▶ **GIVEN DATA**:

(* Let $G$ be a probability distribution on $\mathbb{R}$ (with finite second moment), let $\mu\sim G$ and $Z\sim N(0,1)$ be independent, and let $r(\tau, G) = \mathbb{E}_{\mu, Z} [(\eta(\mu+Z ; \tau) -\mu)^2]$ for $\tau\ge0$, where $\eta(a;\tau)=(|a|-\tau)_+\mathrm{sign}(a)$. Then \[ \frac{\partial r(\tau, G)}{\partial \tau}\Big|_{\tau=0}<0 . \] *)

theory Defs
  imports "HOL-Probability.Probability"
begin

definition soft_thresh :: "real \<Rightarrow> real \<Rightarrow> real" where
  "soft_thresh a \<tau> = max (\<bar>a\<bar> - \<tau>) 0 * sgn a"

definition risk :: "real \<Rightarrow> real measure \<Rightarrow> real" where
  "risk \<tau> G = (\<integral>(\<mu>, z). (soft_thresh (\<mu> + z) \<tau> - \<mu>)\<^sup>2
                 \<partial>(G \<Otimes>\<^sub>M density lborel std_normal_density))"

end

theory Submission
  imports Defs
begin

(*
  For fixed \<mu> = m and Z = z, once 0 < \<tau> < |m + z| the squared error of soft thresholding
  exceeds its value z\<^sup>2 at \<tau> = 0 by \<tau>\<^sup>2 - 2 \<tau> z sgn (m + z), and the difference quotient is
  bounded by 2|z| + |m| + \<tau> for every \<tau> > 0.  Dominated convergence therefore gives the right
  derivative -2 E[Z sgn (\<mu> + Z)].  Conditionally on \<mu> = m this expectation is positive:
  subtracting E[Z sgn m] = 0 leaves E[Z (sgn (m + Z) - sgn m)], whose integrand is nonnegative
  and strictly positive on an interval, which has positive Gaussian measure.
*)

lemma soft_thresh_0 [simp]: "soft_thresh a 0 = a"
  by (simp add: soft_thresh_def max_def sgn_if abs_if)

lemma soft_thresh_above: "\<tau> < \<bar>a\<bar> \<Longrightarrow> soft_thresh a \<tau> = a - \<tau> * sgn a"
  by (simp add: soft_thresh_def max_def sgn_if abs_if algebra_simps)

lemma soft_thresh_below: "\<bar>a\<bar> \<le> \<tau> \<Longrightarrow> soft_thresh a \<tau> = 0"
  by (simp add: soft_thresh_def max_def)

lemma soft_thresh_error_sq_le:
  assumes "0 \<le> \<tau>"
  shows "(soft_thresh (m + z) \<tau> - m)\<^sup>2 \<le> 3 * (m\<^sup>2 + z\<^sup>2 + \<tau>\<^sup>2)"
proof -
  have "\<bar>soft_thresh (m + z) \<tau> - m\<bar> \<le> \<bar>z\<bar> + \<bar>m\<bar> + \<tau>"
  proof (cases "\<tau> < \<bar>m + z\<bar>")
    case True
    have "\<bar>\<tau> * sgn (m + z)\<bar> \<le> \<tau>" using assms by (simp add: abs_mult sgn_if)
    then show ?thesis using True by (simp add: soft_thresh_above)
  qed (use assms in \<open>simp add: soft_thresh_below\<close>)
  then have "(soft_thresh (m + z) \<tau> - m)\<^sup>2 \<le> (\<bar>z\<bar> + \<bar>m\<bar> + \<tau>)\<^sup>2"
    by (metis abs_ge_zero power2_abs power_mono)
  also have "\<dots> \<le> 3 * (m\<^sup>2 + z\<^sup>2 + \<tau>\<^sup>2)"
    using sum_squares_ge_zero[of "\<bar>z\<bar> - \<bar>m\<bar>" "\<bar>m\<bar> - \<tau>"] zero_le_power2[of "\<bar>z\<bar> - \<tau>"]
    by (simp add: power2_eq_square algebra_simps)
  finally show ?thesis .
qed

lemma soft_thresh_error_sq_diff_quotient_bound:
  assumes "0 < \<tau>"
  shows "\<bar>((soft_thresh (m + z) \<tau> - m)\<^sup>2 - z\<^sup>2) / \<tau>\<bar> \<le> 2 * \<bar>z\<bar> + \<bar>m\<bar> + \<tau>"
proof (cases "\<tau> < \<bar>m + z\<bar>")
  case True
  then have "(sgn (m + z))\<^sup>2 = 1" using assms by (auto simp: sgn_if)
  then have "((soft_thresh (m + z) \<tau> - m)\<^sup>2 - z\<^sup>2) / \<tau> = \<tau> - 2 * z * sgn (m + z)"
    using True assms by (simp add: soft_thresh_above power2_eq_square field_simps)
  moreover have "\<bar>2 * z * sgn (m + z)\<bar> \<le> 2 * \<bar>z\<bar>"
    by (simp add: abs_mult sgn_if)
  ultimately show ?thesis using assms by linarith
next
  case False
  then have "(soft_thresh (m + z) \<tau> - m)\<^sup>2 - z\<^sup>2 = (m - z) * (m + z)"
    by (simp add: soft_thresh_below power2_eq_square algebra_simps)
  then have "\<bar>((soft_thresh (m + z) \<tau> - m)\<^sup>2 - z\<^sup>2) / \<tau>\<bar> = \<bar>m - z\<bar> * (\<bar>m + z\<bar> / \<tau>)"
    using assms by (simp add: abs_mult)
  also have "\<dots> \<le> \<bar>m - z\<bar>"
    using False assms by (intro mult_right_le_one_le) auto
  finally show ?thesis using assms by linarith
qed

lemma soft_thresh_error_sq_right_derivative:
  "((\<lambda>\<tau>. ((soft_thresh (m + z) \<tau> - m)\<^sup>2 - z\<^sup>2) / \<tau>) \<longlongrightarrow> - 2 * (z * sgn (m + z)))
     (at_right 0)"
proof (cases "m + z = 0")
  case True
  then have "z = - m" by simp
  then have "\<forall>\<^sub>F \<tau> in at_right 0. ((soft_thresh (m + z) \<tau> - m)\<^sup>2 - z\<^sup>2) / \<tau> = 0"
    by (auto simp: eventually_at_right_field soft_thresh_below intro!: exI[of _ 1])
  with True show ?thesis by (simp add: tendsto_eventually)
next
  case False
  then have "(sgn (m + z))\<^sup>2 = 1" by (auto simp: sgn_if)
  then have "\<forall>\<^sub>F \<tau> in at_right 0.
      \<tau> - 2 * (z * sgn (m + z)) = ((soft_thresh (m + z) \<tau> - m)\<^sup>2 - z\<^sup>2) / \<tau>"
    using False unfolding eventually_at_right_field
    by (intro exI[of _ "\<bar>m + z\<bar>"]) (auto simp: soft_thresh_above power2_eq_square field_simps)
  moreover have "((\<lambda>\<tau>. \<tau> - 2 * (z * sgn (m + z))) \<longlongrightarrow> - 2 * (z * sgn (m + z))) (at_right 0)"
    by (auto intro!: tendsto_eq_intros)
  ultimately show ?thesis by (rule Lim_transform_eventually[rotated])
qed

--

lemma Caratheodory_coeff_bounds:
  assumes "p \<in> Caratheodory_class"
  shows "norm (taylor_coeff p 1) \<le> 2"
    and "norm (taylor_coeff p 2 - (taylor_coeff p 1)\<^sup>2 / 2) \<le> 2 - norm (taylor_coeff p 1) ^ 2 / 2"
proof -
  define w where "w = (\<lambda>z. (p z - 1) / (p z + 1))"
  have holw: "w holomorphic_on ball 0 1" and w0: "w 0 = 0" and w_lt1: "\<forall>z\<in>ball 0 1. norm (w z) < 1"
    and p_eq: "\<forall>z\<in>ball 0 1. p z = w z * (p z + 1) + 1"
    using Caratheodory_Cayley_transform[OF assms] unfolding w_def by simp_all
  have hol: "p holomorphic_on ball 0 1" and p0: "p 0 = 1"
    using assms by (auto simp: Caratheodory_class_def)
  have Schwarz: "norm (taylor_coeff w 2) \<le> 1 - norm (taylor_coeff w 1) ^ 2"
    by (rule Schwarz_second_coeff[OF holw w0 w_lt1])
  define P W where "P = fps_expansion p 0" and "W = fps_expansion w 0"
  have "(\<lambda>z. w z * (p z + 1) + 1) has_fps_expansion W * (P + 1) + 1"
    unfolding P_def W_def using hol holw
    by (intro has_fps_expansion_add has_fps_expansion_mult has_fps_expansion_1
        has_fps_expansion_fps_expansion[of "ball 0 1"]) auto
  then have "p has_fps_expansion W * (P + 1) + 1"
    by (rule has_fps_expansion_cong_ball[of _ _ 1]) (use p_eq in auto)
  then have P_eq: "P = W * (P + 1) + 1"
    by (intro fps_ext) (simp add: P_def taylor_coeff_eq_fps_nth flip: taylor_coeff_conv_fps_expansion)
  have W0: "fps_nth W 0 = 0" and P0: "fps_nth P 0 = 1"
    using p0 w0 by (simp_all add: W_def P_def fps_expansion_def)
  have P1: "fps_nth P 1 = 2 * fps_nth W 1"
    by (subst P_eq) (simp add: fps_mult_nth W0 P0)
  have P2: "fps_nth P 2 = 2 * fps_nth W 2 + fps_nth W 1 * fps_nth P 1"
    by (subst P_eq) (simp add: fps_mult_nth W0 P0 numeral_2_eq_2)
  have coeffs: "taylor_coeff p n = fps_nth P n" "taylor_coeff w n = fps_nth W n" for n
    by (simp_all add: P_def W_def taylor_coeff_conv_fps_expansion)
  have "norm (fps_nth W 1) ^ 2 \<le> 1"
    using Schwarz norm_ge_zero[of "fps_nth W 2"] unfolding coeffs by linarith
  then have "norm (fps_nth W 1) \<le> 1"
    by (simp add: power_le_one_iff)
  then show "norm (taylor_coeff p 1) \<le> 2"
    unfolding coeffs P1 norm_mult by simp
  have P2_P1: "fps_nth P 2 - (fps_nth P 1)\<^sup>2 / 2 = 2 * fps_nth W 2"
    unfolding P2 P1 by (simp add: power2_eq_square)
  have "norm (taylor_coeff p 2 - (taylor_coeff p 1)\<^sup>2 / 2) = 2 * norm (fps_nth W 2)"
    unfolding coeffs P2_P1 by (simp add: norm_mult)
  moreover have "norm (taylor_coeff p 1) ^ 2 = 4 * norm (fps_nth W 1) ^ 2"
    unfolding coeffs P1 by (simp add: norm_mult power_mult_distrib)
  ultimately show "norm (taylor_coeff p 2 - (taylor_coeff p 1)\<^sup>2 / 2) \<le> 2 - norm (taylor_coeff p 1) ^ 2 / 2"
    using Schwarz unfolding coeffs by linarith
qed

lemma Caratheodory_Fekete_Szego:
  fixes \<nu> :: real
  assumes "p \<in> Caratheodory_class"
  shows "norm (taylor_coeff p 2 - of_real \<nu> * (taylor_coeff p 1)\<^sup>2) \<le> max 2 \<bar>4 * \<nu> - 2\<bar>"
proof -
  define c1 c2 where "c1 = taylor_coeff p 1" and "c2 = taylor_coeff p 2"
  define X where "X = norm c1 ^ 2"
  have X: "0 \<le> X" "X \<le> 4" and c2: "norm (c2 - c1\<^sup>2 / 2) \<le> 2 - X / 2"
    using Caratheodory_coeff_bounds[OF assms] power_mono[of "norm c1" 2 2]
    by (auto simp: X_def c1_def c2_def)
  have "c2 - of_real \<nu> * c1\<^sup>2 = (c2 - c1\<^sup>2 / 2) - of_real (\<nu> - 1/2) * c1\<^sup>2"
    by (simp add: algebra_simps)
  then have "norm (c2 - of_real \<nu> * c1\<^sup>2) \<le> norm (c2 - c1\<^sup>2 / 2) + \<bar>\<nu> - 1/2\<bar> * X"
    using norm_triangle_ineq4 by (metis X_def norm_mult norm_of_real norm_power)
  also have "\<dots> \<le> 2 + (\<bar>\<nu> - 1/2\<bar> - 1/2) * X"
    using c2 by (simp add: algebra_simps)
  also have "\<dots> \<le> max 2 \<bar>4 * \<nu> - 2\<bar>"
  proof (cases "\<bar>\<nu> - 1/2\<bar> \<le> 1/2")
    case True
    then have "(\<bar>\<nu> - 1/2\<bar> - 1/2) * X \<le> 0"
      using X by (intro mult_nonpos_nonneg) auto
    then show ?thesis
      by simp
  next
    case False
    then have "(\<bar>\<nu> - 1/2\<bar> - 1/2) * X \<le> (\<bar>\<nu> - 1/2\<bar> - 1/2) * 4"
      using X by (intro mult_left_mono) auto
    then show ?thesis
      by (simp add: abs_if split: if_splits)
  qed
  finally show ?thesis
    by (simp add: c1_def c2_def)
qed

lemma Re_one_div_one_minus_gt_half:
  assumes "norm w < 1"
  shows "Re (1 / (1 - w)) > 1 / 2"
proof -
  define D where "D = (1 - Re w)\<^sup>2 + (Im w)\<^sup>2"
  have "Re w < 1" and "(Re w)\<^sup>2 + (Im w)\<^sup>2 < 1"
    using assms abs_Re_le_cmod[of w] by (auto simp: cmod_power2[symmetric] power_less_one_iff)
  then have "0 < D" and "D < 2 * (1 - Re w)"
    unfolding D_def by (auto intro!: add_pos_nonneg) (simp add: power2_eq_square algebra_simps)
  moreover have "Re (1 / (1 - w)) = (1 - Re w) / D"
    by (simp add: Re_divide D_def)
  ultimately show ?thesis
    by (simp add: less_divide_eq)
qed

▶ **WHAT TO DO**: Starting at the line that has "by (metis abs_ge_zero" in the records above, restate word for word every line until the one that has "using True assms", and include that one as well.

▶ **EXERCISE RESPONSE**:
    by (metis abs_ge_zero power2_abs power_mono)
  also have "\<dots> \<le> 3 * (m\<^sup>2 + z\<^sup>2 + \<tau>\<^sup>2)"
    using sum_squares_ge_zero[of "\<bar>z\<bar> - \<bar>m\<bar>" "\<bar>m\<bar> - \<tau>"] zero_le_power2[of "\<bar>z\<bar> - \<tau>"]
    by (simp add: power2_eq_square algebra_simps)
  finally show ?thesis .
qed

lemma soft_thresh_error_sq_diff_quotient_bound:
  assumes "0 < \<tau>"
  shows "\<bar>((soft_thresh (m + z) \<tau> - m)\<^sup>2 - z\<^sup>2) / \<tau>\<bar> \<le> 2 * \<bar>z\<bar> + \<bar>m\<bar> + \<tau>"
proof (cases "\<tau> < \<bar>m + z\<bar>")
  case True
  then have "(sgn (m + z))\<^sup>2 = 1" using assms by (auto simp: sgn_if)
  then have "((soft_thresh (m + z) \<tau> - m)\<^sup>2 - z\<^sup>2) / \<tau> = \<tau> - 2 * z * sgn (m + z)"
    using True assms by (simp add: soft_thresh_above power2_eq_square field_simps)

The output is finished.